Analysis of 2-oxohistidine-containing model peptides by liquid chromatography-tandem mass spectrometry revealed increased retention time in reverse-phase chromatography and general stability of 2-oxohistidine under electrospray ionization and collision-induced dissociation. Thus, large-scale analysis of 2-oxohistidine-modified proteome should be feasible using shotgun protein mass spectrometry. Peptide probes and antigens containing 2-oxohistidine will be important tools to advance the biochemical and proteomic studies of this non-enzymatic post-translational modification. 
Furthermore, 2-oxohistidine containing peptides were conjugated with biotin to make probes for interactome analysis. The 2-oxohistidine peptide probe was bound to monomeric avidin agarose and incubated with HeLa cell lysate to capture 2-oxohistidine interactome, which was finally eluted by biotin and identified with LC-MS/MS. Recent evidence has shown that some oxidized proteins are degraded by proteasomes. The interconnection between 2-oxohistidine interactome and proteasome interactomes was studied as an attempt to understand the underlying quality control mechanism. 
 
Key words: 2-oxohistidine, reactive oxygen species, metal-catalyzed oxidation, proteasome, interactome 
  """

In [None]:
print("\nEvaluating Agent-Based Translation:")
calculate_meteor(reference_translation, translated_text)
calculate_rouge(reference_translation, translated_text)

## Evaluating Google Translation

In [None]:
print("\nEvaluating Google Translation:")
calculate_meteor(reference_translation, google_translated_text)
calculate_rouge(reference_translation, google_translated_text)

# Conclusion
In this tutorial, we've:
- Explored the concept of agents in the context of LLMs.
- Demonstrated how agents can enhance technical language translation.
- Implemented an agent-based translation system that extracts and manages technical terms.
- Compared our agent-based approach with standard machine translation.
- Evaluated translation quality using METEOR and ROUGE metrics.

Key Takeaways:
- Agents enable structured and iterative workflows that improve translation quality.
- Managing technical terms ensures consistency and accuracy in translations.
- Back translation and comparison help identify and rectify discrepancies.
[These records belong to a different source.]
locale multiplicative_hla = hom_lie_antialg +
  assumes al_mee: "al A (mee A x1 x2) = mee A (al A x1) (al A x2)"
    and be_meo: "be A (meo A x1 y1) = meo A (al A x1) (be A y1)"
    and al_br: "al A (br A y1 y2) = br A (be A y1) (be A y2)"

lemma multiplicative_hla_iff:
  "multiplicative_hla A \<longleftrightarrow> hom_lie_antialgebra A \<and> multiplicative A"
  unfolding multiplicative_hla_def multiplicative_hla_axioms_def multiplicative_def
    hom_lie_antialgebra_iff by blast

locale hla_action =
  A: multiplicative_hla A + V: multiplicative_hla V
  for A :: "('k::field, 'a0::ab_group_add, 'a1::ab_group_add) hla"
    and V :: "('k, 'v0::ab_group_add, 'v1::ab_group_add) hla" +
  fixes R :: "('a0, 'a1, 'v0, 'v1) hla_rep"
  assumes bilinear_r00: "bilinear_map (sce A) (sce V) (sce V) (r00 R)"
    and bilinear_r01: "bilinear_map (sce A) (sco V) (sco V) (r01 R)"
    and bilinear_r10: "bilinear_map (sco A) (sce V) (sco V) (r10 R)"
    and bilinear_r11: "bilinear_map (sco A) (sco V) (sce V) (r11 R)"
    and R1: "al V (r00 R x u) = r00 R (al A x) (al V u)"
    and R2: "be V (r01 R x w) = r01 R (al A x) (be V w)"
    and R3: "be V (r10 R y u) = r10 R (be A y) (al V u)"
    and R4: "al V (r11 R y w) = r11 R (be A y) (be V w)"
    and R5: "r00 R (al A x1) (r00 R x2 u) = r00 R (mee A x1 x2) (al V u)"
    and R6: "r01 R (al A x1) (r01 R x2 w) = sco V (1/2) (r01 R (mee A x1 x2) (be V w))"
    and R7: "r01 R (al A x) (r10 R y u) = sco V (1/2) (r10 R (be A y) (r00 R x u))"
    and R8: "r10 R (meo A x y) (al V u) = sco V (1/2) (r10 R (be A y) (r00 R x u))"
    and R9: "r00 R (al A x) (r11 R y w) = r11 R (meo A x y) (be V w) + r11 R (be A y) (r01 R x w)"
    and R10: "r00 R (br A y1 y2) (al V u) =
      r11 R (be A y1) (r10 R y2 u) - r11 R (be A y2) (r10 R y1 u)"
    and R11: "r01 R (br A y1 y2) (be V w) =
      - r10 R (be A y1) (r11 R y2 w) + r10 R (be A y2) (r11 R y1 w)"
    and A1: "r00 R (al A x) (mee V u1 u2) = mee V (r00 R x u1) (al V u2)"
    and A2: "r01 R (al A x) (meo V u w) = sco V (1/2) (meo V (r00 R x u) (be V w))"
    and A3: "meo V (al V u1) (r10 R y u2) = sco V (1/2) (r10 R (be A y) (mee V u1 u2))"
    and A4: "meo V (al V u) (r01 R x w) = sco V (1/2) (meo V (r00 R x u) (be V w))"
    and A5: "r00 R (al A x) (br V w1 w2) = br V (r01 R x w1) (be V w2) + br V (be V w1) (r01 R x w2)"
    and A6: "r11 R (be A y) (meo V u w) = mee V (al V u) (r11 R y w) - br V (r10 R y u) (be V w)"
    and A7: "r10 R (be A y) (br V w1 w2) = meo V (r11 R y w2) (be V w1) - meo V (r11 R y w1) (be V w2)"
begin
By incorporating agentic frameworks, data scientists can build more sophisticated and reliable NLP applications.

# Next Steps
- Extend to Other Domains: Adapt the agent for other technical fields like legal or engineering documents.
- Automate Refinement: Implement automated feedback incorporation for iterative improvement.
- Scale Up: Integrate the agent into larger translation pipelines or applications.